Included in the security transmitter programming system 10 are a plurality of sensors/transmitters 20, 26, 28 and 30 each of which includes a respective antenna 20a, 26a, 28a and 30a. Each of the sensors/transmitters is remotely located from the microprocessor 12 and typically provides information to the controller regarding a sensed parameter in the room or area being monitored. For example, one of the sensor/transmitters may provide an intrusion alarm for the room in which it is located, while another sensor/transmitter may provide a fire warning for that same room. Similarly, each of the sensor/transmitters may be located in a different area or room to provide an alarm for the same type of emergency situation as detected in each of the various rooms. In a preferred embodiment, the sensors/transmitters all transmit at a common frequency of 300 MHz.
Each sensor/transmitter also includes a status timer 34 and a tamper sensor 36, although a status timer and a tamper sensor are only shown for sensor/transmitter 26 in the Figure for simplicity. A status timer 34 counts a predetermined time interval in each of the sensors/transmitters and outputs a status signal to the receiver 24. The receiver 24 includes an antenna 24a by means of which the status signals output by the sensor/transmitters 20, 26, 28 and 30 are provided to the receiver which, in turn, provides to the microprocessor 12 signals corresponding to the aforementioned status signals. The microprocessor 12 includes a timer in the form of a software timing routine 61 in the operating program stored in the microprocessor's ROM 60. If the output of the timer 34 of a given sensor/transmitter is not received within a predetermined time interval as determined by the microprocessor's software timer 61, the microprocessor 12 outputs an alert signal to the central station 18 as well as locally indicating an abnormal operating condition in the sensor/transmitter from which the expected timer status signal should have been received.

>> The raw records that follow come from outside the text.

text \<open>Write the antipodal configuration as \<open>Y \<union> -Y\<close> with \<open>|Y| \<le> d\<close>; then \<open>\<eta>\<close> is the infimum
  over unit vectors \<open>x\<close> of \<open>max {|x \<bullet> y| | y \<in> Y}\<close>. If \<open>Y\<close> does not span \<open>\<real>\<^sup>d\<close>, a unit vector
  orthogonal to \<open>Y\<close> gives the value 0. Otherwise \<open>Y\<close> is a basis with dual basis \<open>b\<^sub>y\<close>, and
  \<open>|b\<^sub>y| \<ge> 1\<close> since \<open>b\<^sub>y \<bullet> y = 1\<close>. Choosing the signs one at a time, \<open>w = \<Sum> \<plusminus>b\<^sub>y\<close> satisfies
  \<open>|w|\<^sup>2 \<ge> \<Sum> |b\<^sub>y|\<^sup>2 \<ge> d\<close> while \<open>w \<bullet> y = \<plusminus>1\<close>, so \<open>x = w / |w|\<close> has \<open>|x \<bullet> y| \<le> 1/\<surd>d\<close>.
  Equality forces \<open>|b\<^sub>y| = 1\<close>, hence \<open>b\<^sub>y = y\<close>, i.e. \<open>Y\<close> is orthonormal. Conversely, for an
  orthonormal basis Parseval's identity \<open>\<Sum> (x \<bullet> a\<^sub>i)\<^sup>2 = 1\<close> yields some \<open>|x \<bullet> a\<^sub>i| \<ge> 1/\<surd>d\<close>.\<close>

lemma antipodal_set_split:
  fixes S :: "'a::real_vector set"
  assumes "finite S" "0 \<notin> S" "\<forall>s\<in>S. - s \<in> S"
  obtains Y where "S = Y \<union> uminus ` Y" "Y \<inter> uminus ` Y = {}"
  using assms
proof (induction S arbitrary: thesis rule: finite_psubset_induct)
  case (psubset S)
  show ?case
  proof (cases "S = {}")
    case True
    then show ?thesis using psubset.prems(1)[of "{}"] by simp
  next
    case False
    then obtain s where s: "s \<in> S" by blast
    have "s \<noteq> - s"
    proof
      assume "s = - s"
      then have "(2::real) *\<^sub>R s = 0" by (metis scaleR_2 add.right_inverse)
      then show False using s psubset.prems(2) by auto
    qed
    define S' where "S' = S - {s, - s}"
    have "S' \<subset> S" using s unfolding S'_def by blast
    moreover have "0 \<notin> S'" "\<forall>s\<in>S'. - s \<in> S'"
      using psubset.prems(2,3) unfolding S'_def by (auto simp: minus_equation_iff)
    ultimately obtain Y where Y: "S' = Y \<union> uminus ` Y" "Y \<inter> uminus ` Y = {}"
      using psubset.IH by blast
    show ?thesis
    proof (rule psubset.prems(1))
      show "S = insert s Y \<union> uminus ` insert s Y"
        using Y(1) s psubset.prems(3) unfolding S'_def by auto
      show "insert s Y \<inter> uminus ` insert s Y = {}"
        using Y \<open>s \<noteq> - s\<close> unfolding S'_def by (auto simp: minus_equation_iff)
    qed
  qed
qed

lemma card_antipodal_split:
  fixes Y :: "'a::group_add set"
  assumes "finite Y" "Y \<inter> uminus ` Y = {}"
  shows "card (Y \<union> uminus ` Y) = 2 * card Y"
  using card_Un_disjoint[OF assms(1) _ assms(2)] assms(1) by (simp add: card_image)

lemma antipodal_configuration_split:
  fixes xs :: "'a::real_normed_vector list"
  assumes "on_sphere xs" "antipodal xs"
  obtains Y where "set xs = Y \<union> uminus ` Y" "finite Y" "2 * card Y \<le> length xs"
    "\<forall>y\<in>Y. norm y = 1"
proof -
  have unit: "\<forall>s\<in>set xs. norm s = 1" using assms(1) by (simp add: on_sphere_def)
  then obtain Y where xs_Y: "set xs = Y \<union> uminus ` Y" and disj: "Y \<inter> uminus ` Y = {}"
    using antipodal_set_split[of "set xs"] assms(2) by (force simp: antipodal_def)
  moreover have "finite Y" using xs_Y by (metis List.finite_set finite_Un)
  moreover have "2 * card Y \<le> length xs"
    using card_antipodal_split[OF \<open>finite Y\<close> disj] card_length[of xs] xs_Y by simp
  ultimately show ?thesis using that unit by blast
qed

lemma eta_antipodal:
  fixes xs :: "'a::real_inner list"
  assumes "set xs = Y \<union> uminus ` Y"
  shows "eta xs S = (INF x\<in>S. Max ((\<lambda>y. \<bar>x \<bullet> y\<bar>) ` Y))"
proof -
  have "finite Y" using assms by (metis List.finite_set finite_Un)
  have "Max ((\<lambda>s. x \<bullet> s) ` set xs) = Max ((\<lambda>y. \<bar>x \<bullet> y\<bar>) ` Y)" for x
  proof (cases "Y = {}")
    case False
    have fin: "finite ((\<lambda>s. x \<bullet> s) ` set xs)" "finite ((\<lambda>y. \<bar>x \<bullet> y\<bar>) ` Y)"
      using \<open>finite Y\<close> by auto
    have "x \<bullet> s \<le> Max ((\<lambda>y. \<bar>x \<bullet> y\<bar>) ` Y)" if "s \<in> set xs" for s
    proof -
      obtain y where "y \<in> Y" "x \<bullet> s \<le> \<bar>x \<bullet> y\<bar>" using \<open>s \<in> set xs\<close> assms by auto
      then show ?thesis using fin(2) by (meson Max_ge image_eqI order_trans)
    qed
    moreover have "\<bar>x \<bullet> y\<bar> \<le> Max ((\<lambda>s. x \<bullet> s) ` set xs)" if "y \<in> Y" for y
    proof -
      have "x \<bullet> y \<in> (\<lambda>s. x \<bullet> s) ` set xs" "x \<bullet> - y \<in> (\<lambda>s. x \<bullet> s) ` set xs"
        using that assms by (auto simp del: inner_minus_right)
      then have "x \<bullet> y \<le> Max ((\<lambda>s. x \<bullet> s) ` set xs)" "x \<bullet> - y \<le> Max ((\<lambda>s. x \<bullet> s) ` set xs)"
        using fin(1) by (meson Max_ge)+
      then show ?thesis by (simp add: abs_if)
    qed
    ultimately show ?thesis
      using False assms fin by (intro antisym) (simp_all add: Max_le_iff)
  qed (use assms in simp)
  then show ?thesis unfolding eta_def by simp
qed

lemma eta_antipodal_le:
  fixes xs :: "'a::real_inner list"
  assumes "set xs = Y \<union> uminus ` Y" "Y \<noteq> {}" "x \<in> S"
  shows "eta xs S \<le> Max ((\<lambda>y. \<bar>x \<bullet> y\<bar>) ` Y)"
proof -
  have "finite Y" using assms by (metis List.finite_set finite_Un)
  then have "bdd_below ((\<lambda>x. Max ((\<lambda>y. \<bar>x \<bullet> y\<bar>) ` Y)) ` S)"
    using assms(2) by (intro bdd_belowI2[of _ 0]) (auto simp: Max_ge_iff)
  then show ?thesis unfolding eta_antipodal[OF assms(1)] using assms(3) by (rule cINF_lower)
qed

lemma eta_antipodal_ge:
  fixes xs :: "'a::real_inner list"
  assumes "set xs = Y \<union> uminus ` Y" "S \<noteq> {}" "\<forall>x\<in>S. \<exists>y\<in>Y. c \<le> \<bar>x \<bullet> y\<bar>"
  shows "c \<le> eta xs S"
proof -
  have "finite Y" using assms by (metis List.finite_set finite_Un)
  moreover have "Y \<noteq> {}" using assms(2,3) by blast
  ultimately show ?thesis
    unfolding eta_antipodal[OF assms(1)] using assms(2,3)
    by (intro cINF_greatest) (auto simp: Max_ge_iff)
qed

lemma exists_signs_norm_sum_ge:
  fixes b :: "'i \<Rightarrow> 'a::real_inner"
  assumes "finite I"
  shows "\<exists>e. (\<forall>i\<in>I. \<bar>e i\<bar> = 1) \<and> (\<Sum>i\<in>I. (norm (b i))\<^sup>2) \<le> (norm (\<Sum>i\<in>I. e i *\<^sub>R b i))\<^sup>2"
  using assms
proof (induction I rule: finite_induct)
  case empty
  then show ?case by auto
next
  case (insert j I)
  then obtain e where e: "\<forall>i\<in>I. \<bar>e i\<bar> = 1"
    "(\<Sum>i\<in>I. (norm (b i))\<^sup>2) \<le> (norm (\<Sum>i\<in>I. e i *\<^sub>R b i))\<^sup>2" by blast
  define v where "v = (\<Sum>i\<in>I. e i *\<^sub>R b i)"
  define s :: real where "s = (if v \<bullet> b j \<ge> 0 then 1 else -1)"
  define e' where "e' = e(j := s)"
  have "(\<Sum>i\<in>I. e' i *\<^sub>R b i) = v"
    unfolding v_def e'_def using insert.hyps(2) by (intro sum.cong) auto
  then have sum_e': "(\<Sum>i\<in>insert j I. e' i *\<^sub>R b i) = s *\<^sub>R b j + v"
    using insert.hyps by (simp add: e'_def)
  have "(norm (s *\<^sub>R b j + v))\<^sup>2 = (norm (b j))\<^sup>2 + (norm v)\<^sup>2 + 2 * (s * (v \<bullet> b j))"
    unfolding power2_norm_eq_inner
    by (simp add: inner_add_left inner_add_right inner_commute s_def algebra_simps)
  also have "\<dots> \<ge> (norm (b j))\<^sup>2 + (\<Sum>i\<in>I. (norm (b i))\<^sup>2)"
    using e(2) unfolding v_def[symmetric] by (simp add: s_def)
  finally have "(\<Sum>i\<in>insert j I. (norm (b i))\<^sup>2) \<le> (norm (\<Sum>i\<in>insert j I. e' i *\<^sub>R b i))\<^sup>2"
    using insert.hyps by (simp add: sum_e')
  moreover have "\<forall>i\<in>insert j I. \<bar>e' i\<bar> = 1" using e(1) by (simp add: e'_def s_def)
  ultimately show ?case by blast
qed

A tamper sensor 36 within each of the sensors/transmitters provides an alert signal to the receiver 24 in the event the sensor/transmitter is tampered with or subject to unusual or unauthorized manipulation. In addition, synchronization and timing between the receiver 24 and the various sensors/transmitters 26, 28 and 30 is accomplished by means of the software timer routine 61 stored within the microprocessor's ROM 60. The various alarm signals which may be transmitted by any of the sensors/transmitters 26, 28 and 30 are re-transmitted for several cycles in order to ensure receiver receipt and detection of the alarm signal where more than one sensor-transmitter outputs an alarm signal at a given time. Repetitive transmission of an alarm signal by a sensor/transmitter increases system reliability by increasing the likelihood of the alarm signal getting through where more than one alarm signal may be provided to the receiver at a given time in the nonsynchronous transmission of alarm signals.

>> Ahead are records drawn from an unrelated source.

lemma cring_pullback_ring:
  assumes "cring R1" and "cring R2" and "ring Rb"
    and h1: "V1 \<in> ring_hom R1 Rb" and h2: "V2 \<in> ring_hom R2 Rb"
  shows "cring (pullback_ring R1 R2 V1 V2)"
proof -
  interpret R1: cring R1 by fact
  interpret R2: cring R2 by fact
  interpret V1: ring_hom_ring R1 Rb V1 by (rule ring_hom_ringI2[OF R1.ring_axioms \<open>ring Rb\<close> h1])
  interpret V2: ring_hom_ring R2 Rb V2 by (rule ring_hom_ringI2[OF R2.ring_axioms \<open>ring Rb\<close> h2])
  let ?R = "pullback_ring R1 R2 V1 V2"
  show ?thesis
  proof (rule cringI)
    show "abelian_group ?R"
    proof (rule abelian_groupI)
      fix x assume "x \<in> carrier ?R"
      then obtain a b where "x = (a, b)" "a \<in> carrier R1" "b \<in> carrier R2" "V1 a = V2 b"
        by (auto simp: pullback_ring_simps)
      then show "\<exists>y\<in>carrier ?R. y \<oplus>\<^bsub>?R\<^esub> x = \<zero>\<^bsub>?R\<^esub>"
        by (intro bexI[of _ "(\<ominus>\<^bsub>R1\<^esub> a, \<ominus>\<^bsub>R2\<^esub> b)"])
           (simp_all add: pullback_ring_simps R1.l_neg R2.l_neg V1.hom_a_inv V2.hom_a_inv)
    qed (auto simp: pullback_ring_simps R1.a_ac R2.a_ac)
    show "comm_monoid ?R"
      by (rule comm_monoidI) (auto simp: pullback_ring_simps R1.m_ac R2.m_ac)
  qed (auto simp: pullback_ring_simps R1.l_distr R2.l_distr)
qed

text \<open>\<open>local1\<close> and \<open>local2\<close> say that \<open>R\<^sub>i\<close> is local with maximal ideal \<open>ker V\<^sub>i\<close>.\<close>

locale local_pullback =
  Rb: field Rb + V1: ring_hom_cring R1 Rb V1 + V2: ring_hom_cring R2 Rb V2
  for Rb R1 V1 R2 V2 +
  assumes local1: "carrier R1 - a_kernel R1 Rb V1 \<subseteq> Units R1"
    and local2: "carrier R2 - a_kernel R2 Rb V2 \<subseteq> Units R2"
begin

abbreviation (input) R where "R \<equiv> pullback_ring R1 R2 V1 V2"

lemma Units_pullback: "Units R = {x \<in> carrier R. V1 (fst x) \<noteq> \<zero>\<^bsub>Rb\<^esub>}"
proof (intro equalityI subsetI CollectI conjI)
  fix x assume "x \<in> Units R"
  then obtain y where y: "y \<in> carrier R" "x \<otimes>\<^bsub>R\<^esub> y = \<one>\<^bsub>R\<^esub>" and x: "x \<in> carrier R"
    unfolding Units_def by blast
  then show "x \<in> carrier R" by simp
  have "fst x \<in> carrier R1" "fst y \<in> carrier R1" "fst x \<otimes>\<^bsub>R1\<^esub> fst y = \<one>\<^bsub>R1\<^esub>"
    using x y by (auto simp: pullback_ring_simps)
  then have "V1 (fst x) \<otimes>\<^bsub>Rb\<^esub> V1 (fst y) = \<one>\<^bsub>Rb\<^esub>"
    by (metis V1.hom_mult V1.hom_one)
  then show "V1 (fst x) \<noteq> \<zero>\<^bsub>Rb\<^esub>"
    using \<open>fst y \<in> carrier R1\<close> by auto
next
  fix x assume "x \<in> {x \<in> carrier R. V1 (fst x) \<noteq> \<zero>\<^bsub>Rb\<^esub>}"
  then obtain a b where x: "x = (a, b)" and a: "a \<in> carrier R1" and b: "b \<in> carrier R2"
    and ab: "V1 a = V2 b" and nonzero: "V1 a \<noteq> \<zero>\<^bsub>Rb\<^esub>"
    by (auto simp: pullback_ring_simps)
  have "a \<in> carrier R1 - a_kernel R1 Rb V1" "b \<in> carrier R2 - a_kernel R2 Rb V2"
    using a b nonzero ab unfolding a_kernel_def' by auto
  then have a_unit: "a \<in> Units R1" and b_unit: "b \<in> Units R2"
    using local1 local2 by auto
  let ?y = "(inv\<^bsub>R1\<^esub> a, inv\<^bsub>R2\<^esub> b)"
  have "V1 (inv\<^bsub>R1\<^esub> a) = V2 (inv\<^bsub>R2\<^esub> b)"
    using a_unit b_unit ab by (simp add: V1.hom_inv_Units V2.hom_inv_Units)
  then have "?y \<in> carrier R"
    using a_unit b_unit by (simp add: pullback_ring_simps)
  moreover have "?y \<otimes>\<^bsub>R\<^esub> x = \<one>\<^bsub>R\<^esub>" "x \<otimes>\<^bsub>R\<^esub> ?y = \<one>\<^bsub>R\<^esub>"
    using a_unit b_unit x by (simp_all add: pullback_ring_simps)
  moreover have "x \<in> carrier R" using a b ab x by (simp add: pullback_ring_simps)
  ultimately show "x \<in> Units R" unfolding Units_def by blast
qed

lemma pullback_nonunits_add_closed:
  assumes "x \<in> carrier R" "y \<in> carrier R" "x \<notin> Units R" "y \<notin> Units R"
  shows "x \<oplus>\<^bsub>R\<^esub> y \<notin> Units R"
proof -
  have "fst x \<in> carrier R1" "fst y \<in> carrier R1" "V1 (fst x) = \<zero>\<^bsub>Rb\<^esub>" "V1 (fst y) = \<zero>\<^bsub>Rb\<^esub>"
    using assms by (auto simp: Units_pullback pullback_ring_simps)
  then have "V1 (fst (x \<oplus>\<^bsub>R\<^esub> y)) = \<zero>\<^bsub>Rb\<^esub>"
    by (simp add: pullback_ring_simps)
  then show ?thesis by (simp add: Units_pullback)
qed

lemma cyclic_indecomposable:
  assumes "module R M" and "x \<in> carrier M" and "carrier M = {r \<odot>\<^bsub>M\<^esub> x | r. r \<in> carrier R}"
    and "x \<noteq> \<zero>\<^bsub>M\<^esub>"
  shows "indecomposable R M"
  using module.cyclic_indecomposable[OF assms] pullback_nonunits_add_closed by blast

end

lemma local_pullback_of_dvr:
  assumes "dvr R1" and "dvr R2" and "field Rb"
    and "V1 \<in> ring_hom R1 Rb" and "maximalideal (a_kernel R1 Rb V1) R1"
    and "V2 \<in> ring_hom R2 Rb" and "maximalideal (a_kernel R2 Rb V2) R2"
  shows "local_pullback Rb R1 V1 R2 V2"
proof (intro local_pullback.intro local_pullback_axioms.intro)
  interpret R1: principal_domain R1 using \<open>dvr R1\<close> by (simp add: dvr_def)
  interpret R2: principal_domain R2 using \<open>dvr R2\<close> by (simp add: dvr_def)
  interpret Rb: field Rb by fact
  show "ring_hom_cring R1 Rb V1" and "ring_hom_cring R2 Rb V2"
    using ring_hom_cringI R1.is_cring R2.is_cring Rb.is_cring assms by blast+
  show "carrier R1 - a_kernel R1 Rb V1 \<subseteq> Units R1" and "carrier R2 - a_kernel R2 Rb V2 \<subseteq> Units R2"
    using dvr_Units assms by blast+
qed fact

text \<open>
  One side of \<open>(A \<rightarrow> Rb \<leftarrow> B)\<close>: \<open>A\<close> is \<open>R\<^sub>i\<close> or \<open>R\<^sub>i/P\<^sub>i\<^sup>n\<close>, \<open>g\<close> the map induced by \<open>V\<^sub>i\<close>
  and \<open>x\<close> the class of \<open>1\<close>.
\<close>

locale cyclic_reduction = module R A + ring_hom_ring R Rb V
  for R :: "('r, 'm) ring_scheme" and A :: "('r, 'x, 'p) module_scheme"
    and Rb :: "('c, 'n) ring_scheme" and V :: "'r \<Rightarrow> 'c" +
  fixes g :: "'x \<Rightarrow> 'c" and x :: 'x
  assumes reduction_closed: "a \<in> carrier A \<Longrightarrow> g a \<in> carrier Rb"
    and reduction_add:
      "a \<in> carrier A \<Longrightarrow> b \<in> carrier A \<Longrightarrow> g (a \<oplus>\<^bsub>A\<^esub> b) = g a \<oplus>\<^bsub>Rb\<^esub> g b"
    and reduction_smult: "r \<in> carrier R \<Longrightarrow> a \<in> carrier A \<Longrightarrow> g (r \<odot>\<^bsub>A\<^esub> a) = V r \<otimes>\<^bsub>Rb\<^esub> g a"
    and generator_closed: "x \<in> carrier A"
    and reduction_generator: "g x = \<one>\<^bsub>Rb\<^esub>"
    and generates: "carrier A = {r \<odot>\<^bsub>A\<^esub> x | r. r \<in> carrier R}"
begin

lemma reduction_smult_generator: "r \<in> carrier R \<Longrightarrow> g (r \<odot>\<^bsub>A\<^esub> x) = V r"
  using reduction_smult generator_closed reduction_generator by simp

lemma reduction_zero: "g \<zero>\<^bsub>A\<^esub> = \<zero>\<^bsub>Rb\<^esub>"
  using reduction_smult_generator[of "\<zero>\<^bsub>R\<^esub>"] generator_closed by simp

lemma reduction_neg: "a \<in> carrier A \<Longrightarrow> g (\<ominus>\<^bsub>A\<^esub> a) = \<ominus>\<^bsub>Rb\<^esub> g a"
  using reduction_smult[of "\<ominus>\<^bsub>R\<^esub> \<one>\<^bsub>R\<^esub>" a] reduction_closed[of a]
  by (simp add: smult_l_minus S.l_minus)

end

lemma cyclic_reduction_self_module:
  assumes "cring R" and "ring Rb" and "V \<in> ring_hom R Rb"
  shows "cyclic_reduction R (self_module R) Rb V V \<one>\<^bsub>R\<^esub>"
proof -
  interpret R: cring R by fact
  interpret V: ring_hom_ring R Rb V by (rule ring_hom_ringI2) (fact R.ring_axioms assms)+
  show ?thesis
  proof (intro cyclic_reduction.intro cyclic_reduction_axioms.intro)
    show "module R (self_module R)" by (rule module_self_module) fact
    show "ring_hom_ring R Rb V" by (rule V.ring_hom_ring_axioms)
    show "carrier (self_module R) = {r \<odot>\<^bsub>self_module R\<^esub> \<one>\<^bsub>R\<^esub> | r. r \<in> carrier R}"
      by (force simp: self_module_def)
  qed (auto simp: self_module_def)
qed

lemma cyclic_reduction_quot_module:
  assumes "cring R" and "ring Rb" and "V \<in> ring_hom R Rb"
    and "ideal I R" and "I \<subseteq> a_kernel R Rb V"
  shows "cyclic_reduction R (quot_module R I) Rb V (induced_map V) (I +>\<^bsub>R\<^esub> \<one>\<^bsub>R\<^esub>)"
proof -
  interpret R: cring R by fact
  interpret I: ideal I R by fact
  interpret V: ring_hom_ring R Rb V by (rule ring_hom_ringI2) (fact R.ring_axioms assms)+
  have carrier: "carrier (quot_module R I) = (\<lambda>a. I +>\<^bsub>R\<^esub> a) ` carrier R"
    by (auto simp: quot_module_def A_RCOSETS_def')
  have add: "(I +>\<^bsub>R\<^esub> a) \<oplus>\<^bsub>quot_module R I\<^esub> (I +>\<^bsub>R\<^esub> b) = I +>\<^bsub>R\<^esub> (a \<oplus>\<^bsub>R\<^esub> b)"
    if "a \<in> carrier R" "b \<in> carrier R" for a b
    using that by (simp add: quot_module_def I.a_rcos_sum)
  have smult: "r \<odot>\<^bsub>quot_module R I\<^esub> (I +>\<^bsub>R\<^esub> a) = I +>\<^bsub>R\<^esub> (r \<otimes>\<^bsub>R\<^esub> a)"
    if "r \<in> carrier R" "a \<in> carrier R" for r a
    using that by (simp add: quot_module_def I.rcoset_mult_add)
  have generator: "r \<odot>\<^bsub>quot_module R I\<^esub> (I +>\<^bsub>R\<^esub> \<one>\<^bsub>R\<^esub>) = I +>\<^bsub>R\<^esub> r" if "r \<in> carrier R" for r
    using smult[OF that R.one_closed] that by simp
  note induced = V.induced_map_coset[OF assms(4,5)]
  show ?thesis
  proof (intro cyclic_reduction.intro cyclic_reduction_axioms.intro)
    show "module R (quot_module R I)" by (rule module_quot_module) fact+
    show "ring_hom_ring R Rb V" by (rule V.ring_hom_ring_axioms)
    show "carrier (quot_module R I) =
      {r \<odot>\<^bsub>quot_module R I\<^esub> (I +>\<^bsub>R\<^esub> \<one>\<^bsub>R\<^esub>) | r. r \<in> carrier R}"
      unfolding carrier using generator by blast
    show "induced_map V a \<in> carrier Rb" if "a \<in> carrier (quot_module R I)" for a
      using that unfolding carrier by (auto simp: induced)
    show "induced_map V (a \<oplus>\<^bsub>quot_module R I\<^esub> b) = induced_map V a \<oplus>\<^bsub>Rb\<^esub> induced_map V b"
      if "a \<in> carrier (quot_module R I)" "b \<in> carrier (quot_module R I)" for a b
      using that unfolding carrier by (auto simp: induced add)
    show "induced_map V (r \<odot>\<^bsub>quot_module R I\<^esub> a) = V r \<otimes>\<^bsub>Rb\<^esub> induced_map V a"
      if "r \<in> carrier R" "a \<in> carrier (quot_module R I)" for r a
      using that unfolding carrier by (auto simp: induced smult)
    show "I +>\<^bsub>R\<^esub> \<one>\<^bsub>R\<^esub> \<in> carrier (quot_module R I)" unfolding carrier by blast
    show "induced_map V (I +>\<^bsub>R\<^esub> \<one>\<^bsub>R\<^esub>) = \<one>\<^bsub>Rb\<^esub>" by (simp add: induced)
  qed
qed

lemma cyclic_reduction_quot_PIdl_pow:
  fixes n :: nat
  assumes "cring R" and "ring Rb" and "V \<in> ring_hom R Rb"
    and "p \<in> carrier R" and "PIdl\<^bsub>R\<^esub> p \<subseteq> a_kernel R Rb V" and "n \<ge> 1"
  shows "cyclic_reduction R (quot_module R (PIdl\<^bsub>R\<^esub> (p [^]\<^bsub>R\<^esub> n))) Rb V (induced_map V)
    (PIdl\<^bsub>R\<^esub> (p [^]\<^bsub>R\<^esub> n) +>\<^bsub>R\<^esub> \<one>\<^bsub>R\<^esub>)"
proof (rule cyclic_reduction_quot_module[OF assms(1-3)])
  interpret R: cring R by fact
  show "ideal (PIdl\<^bsub>R\<^esub> (p [^]\<^bsub>R\<^esub> n)) R" using assms(4) by (simp add: R.cgenideal_ideal)
  show "PIdl\<^bsub>R\<^esub> (p [^]\<^bsub>R\<^esub> n) \<subseteq> a_kernel R Rb V"
    using R.PIdl_pow_subset assms(4-6) by blast
qed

In accordance with the present invention, microprocessor 12 is responsive to user-initiated inputs to the wired keyboard 16 coupled thereto for programming a sensor/transmitter 20 with individual address information. Thus, various combinations of alphanumic characters may be entered via the keys 16a on the wired keyboard 16 and converted to corresponding digital signals which are provided to a sensor/transmitter 20 coupled to the microprocessor 12 via a serial data link 40 in providing the sensor/transmitter with a unique identifying address. In a preferred embodiment, the serial data link 40 is coupled to a first connector member 22, while the sensor/transmitter 20 is coupled to a second connector member 23. The first and second connector members 22, 23 form a plug-in combination by means of which the sensor/transmitter 20 may be coupled to the microprocessor 12 for receiving various outputs therefrom. As shown in the Figure, these outputs provided via the serial data link 40 include a clock signal, addressing data, a synchronization (sync) signal and a ground connection. The clock and synchronization signals provide a common time base for the microprocessor 12 and the various sensors/transmitters 20, 26, 28 and 30 in the security system. The address data is stored within a memory 21 within the sensor/transmitter 20 and is subsequently transmitted back to the receiver 24 after the sensor/transmitter is disconnected from the microprocessor 12 and positioned in its intended location. It is in this manner that each of the sensors/transmitters 20, 26, 28 and 30 is uniquely identifiable by the microprocessor 12 which compares the received identifying address of the transmitting sensor/transmitter with those addresses previously stored in RAM 14. A positive comparison of an address stored in RAM 14 with the received address of one of the sensors/transmitters permits the microprocessor 12 to identify each individual sensor/transmitter and to process the received data accordingly.
Also in accordance with the present invention, address information entered via the wired keyboard 16 and stored in RAM 14 for local use by the microprocessor 12 is also provided via a two-way communications line 38 to the central station 18. The central station 18 also includes a memory 19 for storing microprocessor and sensor/transmitter addresses. In the event of loss of data stored in the RAM 14, the microprocessor 12 provides an appropriate signal indicating the loss of such data via the two-way communications line 38 to the central station 18. In response to receipt of this signal, the central station 18 reads the microprocessor address and the various sensor/transmitter addresses associated therewith from the memory 19 and provides this address data to the microprocessor 12 via the two-way communications line 38. Upon receipt of this address data from the central station 18, the microprocessor 12 again stores this address information within the RAM 14 for subsequent identification and verification of the various sensors/transmitters in the security system with which it is associated. Each of the sensors/transmitters 20, 26, 28 and 30 may then be coupled to the microprocessor 12 via the combination of first and second connector members 22, 23 and the serial data link 40 for again programming each of the sensors/transmitters with their respective unique identifying address in the event this data had earlier been lost.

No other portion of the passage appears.